Кид подождал с продолжением до конца рыданий и икоты.

- Как это? Разве Годсо твой дядя?

- Нет - ответил мальчик, спрятав лицо в ладонях. - Но мы отродясь знали его. А папа знал его и раньше. Он жил на соседней улице. Он, папа и мама - и вся наша семья - дружили издавна. Оттого мы и звали его "дядюшкой" - так делают все дети.

- Что он был за человек?

- Наилучший, сэр. Сержант-отставник, с небольшими, но независимыми деньгами - и человек превосходный. У них в гостиной было множество всяких индийских диковин, и сержант или его жена разрешали нам с сестрой смотреть на всё это - за хорошее поведение.

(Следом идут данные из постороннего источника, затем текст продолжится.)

(* Let $\mathsf{A}=\{A_1,\ldots,A_\ell\}$ be a finite set of $d \times d$ matrices over $\mathbb{C}$, and let $\mathsf{R} \subseteq \mathsf{A}$ be the set of all elements of $\mathsf{A}$ which have rank greater than or equal to two. Suppose that either $\mathsf{R}$ is empty or $\varrho(\mathsf{R})<\varrho(\mathsf{A})$. Then there exist an integer $n \geq 1$ and indices $i_1,\ldots,i_n \in \{1,\ldots,\ell\}$ such that each element of $\mathsf{A}$ of rank exactly one appears at most once in the sequence $A_{i_1},\ldots,A_{i_n}$, and \[\varrho(\mathsf{A})=\rho(A_{i_1}\cdots A_{i_n})^{1/n}.\]
   Context: For a square matrix $A$, $\rho(A)$ denotes its ordinary spectral radius. For a nonempty bounded set $\mathsf{A}$ of $d\times d$ complex matrices, the joint spectral radius is \[\varrho(\mathsf{A})=\lim_{n \to \infty} \sup\left\{\left\|A_{i_n} \cdots A_{i_1}\right\|^{1/n} \colon A_{i_j} \in \mathsf{A}\right\},\] where $\|\cdot\|$ is any matrix norm (the limit exists and is independent of the norm). *)

theory Defs
  imports Complex_Main "Jordan_Normal_Form.Spectral_Radius" "Jordan_Normal_Form.DL_Rank"
begin
(* Let $\mathfrak A\subseteq\mathfrak G_\bullet$ be a log-free subgrid. Then there is a hereditary log-free subgrid $\mathfrak B$ with $\mathfrak B\supseteq\mathfrak A$ such that the height of $\mathfrak B$ equals the height of $\mathfrak A$.
   Context: Log-free transmonomials: $\mathfrak G_0=\{x^b:b\in\mathbb R\}$, and for $N\ge1$, $\mathfrak G_N=\{x^be^L: b\in\mathbb R,\ L \text{ a purely large transseries with } \operatorname{supp}L\subseteq\mathfrak G_{N-1}\}$; $\mathfrak G_\bullet=\bigcup_N\mathfrak G_N$, with the usual ordering of transmonomials. A ratio set is a finite set of monomials $\prec1$; a grid is a set $\mathfrak J^{\boldsymbol\mu,\mathbf m}=\{\boldsymbol\mu^{\mathbf k}:\mathbf k\in\mathbb Z^n,\mathbf k\ge\mathbf m\}$ for a ratio set $\boldsymbol\mu=\{\mu_1,\dots,\mu_n\}$, and a subgrid is a subset of a grid. The height of a log-free subgrid is the least $N$ with $\mathfrak A\subseteq\mathfrak G_N$. A log-free subgrid $\mathfrak B$ is hereditary if for every $x^be^L\in\mathfrak B$ ($b\in\mathbb R$, $L$ purely large log-free) we have $\operatorname{supp}L\subseteq\mathfrak B$. *)

theory Defs
  imports Complex_Main "HOL-Library.Countable_Set_Type"
begin

text \<open>Log-free transmonomials x^b e^L.  A (grid-based) transseries L is encoded by the
countable set of pairs (monomial, nonzero coefficient) of its support (its graph).
Together with the well-formedness conditions built into the sets G N below, this
representation is canonical: every element of G N is a unique term.\<close>

datatype mono = Mono real "(mono \<times> real) cset"

definition supp :: "(mono \<times> real) cset \<Rightarrow> mono set" where
  "supp L = fst ` rcset L"

definition coeff :: "(mono \<times> real) cset \<Rightarrow> mono \<Rightarrow> real" where
  "coeff L m = (if m \<in> supp L then (SOME c. (m, c) \<in> rcset L) else 0)"

definition wf_ser :: "(mono \<times> real) cset \<Rightarrow> bool" where
  "wf_ser L \<longleftrightarrow> (\<forall>m c c'. (m, c) \<in> rcset L \<and> (m, c') \<in> rcset L \<longrightarrow> c = c')
                 \<and> (\<forall>m c. (m, c) \<in> rcset L \<longrightarrow> c \<noteq> 0)"

definition ser_add :: "(mono \<times> real) cset \<Rightarrow> (mono \<times> real) cset \<Rightarrow> (mono \<times> real) cset" where
  "ser_add L M = acset {(m, coeff L m + coeff M m) | m. m \<in> supp L \<union> supp M \<and> coeff L m + coeff M m \<noteq> 0}"

definition ser_neg :: "(mono \<times> real) cset \<Rightarrow> (mono \<times> real) cset" where
  "ser_neg L = cimage (\<lambda>(m, c). (m, - c)) L"

definition mone :: mono where "mone = Mono 0 cempty"

fun mmul :: "mono \<Rightarrow> mono \<Rightarrow> mono" where
  "mmul (Mono b L) (Mono c M) = Mono (b + c) (ser_add L M)"

fun minv :: "mono \<Rightarrow> mono" where
  "minv (Mono b L) = Mono (- b) (ser_neg L)"

definition mpow :: "mono \<Rightarrow> int \<Rightarrow> mono" where
  "mpow u k = (if 0 \<le> k then (mmul u ^^ nat k) mone else (mmul (minv u) ^^ nat (- k)) mone)"

definition mprod :: "mono list \<Rightarrow> int list \<Rightarrow> mono" where
  "mprod \<mu> k = foldr mmul (map2 mpow \<mu> k) mone"

definition grid :: "mono list \<Rightarrow> int list \<Rightarrow> mono set" where
  "grid \<mu> m0 = {mprod \<mu> k | k. length k = length \<mu> \<and> (\<forall>i < length \<mu>. m0 ! i \<le> k ! i)}"

text \<open>Ordering of monomials at level N (strict "\<prec>"), defined by recursion on the level:
  x^b e^L \<prec> x^c e^M iff L < M (leading coefficient of M - L positive), or L = M and b < c.\<close>
primrec lt :: "nat \<Rightarrow> mono \<Rightarrow> mono \<Rightarrow> bool" where
  "lt 0 u v = (case u of Mono b L \<Rightarrow> case v of Mono c M \<Rightarrow> b < c)"
| "lt (Suc N) u v = (case u of Mono b L \<Rightarrow> case v of Mono c M \<Rightarrow>
      (\<exists>m. coeff L m < coeff M m \<and> (\<forall>n. lt N m n \<longrightarrow> coeff L n = coeff M n))
      \<or> (L = M \<and> b < c))"

text \<open>The sets G N of log-free transmonomials of height at most N.  For N \<ge> 1 the
exponent L must be a purely large grid-based transseries with support in G (N-1),
i.e. its support is a subgrid with ratio set in G (N-1).\<close>
primrec G :: "nat \<Rightarrow> mono set" where
  "G 0 = {Mono b cempty | b. True}"
| "G (Suc N) = {Mono b L | b L. wf_ser L \<and> supp L \<subseteq> G N
      \<and> (\<forall>m \<in> supp L. lt N mone m)
      \<and> (\<exists>\<mu> m0. set \<mu> \<subseteq> G N \<and> (\<forall>u \<in> set \<mu>. lt N u mone) \<and> length m0 = length \<mu>
               \<and> supp L \<subseteq> grid \<mu> m0)}"

definition Gall :: "mono set" where
  "Gall = (\<Union>N. G N)"

definition mono_lt :: "mono \<Rightarrow> mono \<Rightarrow> bool" where
  "mono_lt u v \<longleftrightarrow> (\<exists>N. u \<in> G N \<and> v \<in> G N \<and> lt N u v)"

definition logfree_subgrid :: "mono set \<Rightarrow> bool" where
  "logfree_subgrid A \<longleftrightarrow> A \<subseteq> Gall \<and>
     (\<exists>\<mu> m0. set \<mu> \<subseteq> Gall \<and> (\<forall>u \<in> set \<mu>. mono_lt u mone) \<and> length m0 = length \<mu>
            \<and> A \<subseteq> grid \<mu> m0)"
lemma tensor_fun_Suc:
  "tensor_fun (Suc N) M f v (x(N := y)) = (\<Sum>a<M. tensor_fun N M f (\<lambda>d. v (d(N := a))) x * f a y)"
proof -
  have tidx_Suc: "tidx (Suc N) M = (\<lambda>(a, g). g(N := a)) ` ({..<M} \<times> tidx N M)"
    unfolding tidx_def lessThan_Suc by (rule PiE_insert_eq)
  have inj: "inj_on (\<lambda>(a, g). g(N := a)) ({..<M} \<times> tidx N M)"
    unfolding tidx_def by (rule inj_combinator) simp
  have "tensor_fun (Suc N) M f v (x(N := y)) =
      (\<Sum>(a, g)\<in>{..<M} \<times> tidx N M. v (g(N := a)) * (\<Prod>i<Suc N. f ((g(N := a)) i) ((x(N := y)) i)))"
    unfolding tensor_fun_def tidx_Suc by (subst sum.reindex[OF inj]) (simp add: case_prod_beta')
  also have "\<dots> = (\<Sum>(a, g)\<in>{..<M} \<times> tidx N M. v (g(N := a)) * (\<Prod>i<N. f (g i) (x i)) * f a y)"
    by (intro sum.cong refl) (auto simp: lessThan_Suc mult_ac intro!: prod.cong)
  also have "\<dots> = (\<Sum>a<M. tensor_fun N M f (\<lambda>d. v (d(N := a))) x * f a y)"
    by (simp add: sum.cartesian_product[symmetric] tensor_fun_def sum_distrib_right)
  finally show ?thesis .
qed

- Он ведь был уже стар для армии?

- Для него возраст ничего не значил. Он, с самого начала, пришёл в армию инструктором, и, когда батальон стал готов к отправке, ушёл вместе с ним. А когда на фронт отправился я, он добился, чтобы меня определили к нему во взвод - в начале семнадцатого. Думаю, так захотела мама.

- А я и не заметил, что вы так хорошо знакомы - отметил Кид.

- О, он ни для кого не делал исключений. У него во взводе не было любимчиков, но он писал домой, маме, обо мне и обо всём. Понимаете - Стренгвик неловко заворочался на кушетке - мы знали его сызмальства, жили по-соседству И было ему за пятьдесят. Боже! Боже мой! Что за страшная нелепица для меня, молодого человека! - он вдруг завыл.

Но Кид удержал его на курсе.

- Он писал твоей матушке? О тебе?

- Да. У мамы стало плохо с глазами после авианалётов. Родители хворали от сидения в подвалах и у неё полопались сосуды. Она просила тётю читать ей письма. Наверное, одно это может объяснить вам всё остальное

- Ты о тёте, кто умерла? Ты об её смерти получил тогда телеграмму? - Кид гнул свою линию.

- Да, тётушка Арминия. Мамина сестра, младшая - но ей было больше сорока, ближе к пятидесяти. Какая во всём этом путаница! Вот если бы меня спросили, кто и когда угодно, я бы немедленно ответил, что ничего она не скрывает, вся она нараспашку, все и всё о ней знают. И все дела её были такими - словно в доме со стеклянными стенами. Она присматривала за сестрёнкой и мною, когда нужно было - корь там, коклюш, наравне с мамой. Мы копошились в её доме и вокруг дома словно кролики. Муж её, дядя Армин, делает шкафы, всякую мебель и мы любили играть в мастерской. Были они бездетны - "и я рада этому" - так говорила тётя, когда началась война. Но вообще она почти никогда не говорила о каких-то чувствах. Она была сама в себе, поймите. - Мальчик пытливо вглядывался в нас, ища понимания.

- Как она выглядела? - допрашивал Кид.

- Крупная женщина, привлекательная. Кажется так: но я ведь привык к ней и мало что замечал - кроме одного. Мама называла её крестильным именем - Белла - но мы с сестрой всегда звали её тётей Арминией. Понимаете?

- Почему?

- Это к ней подходило лучше - что-то медленное, в доспехах.

- О. И она читала ваши письма сестре, вашей матушке?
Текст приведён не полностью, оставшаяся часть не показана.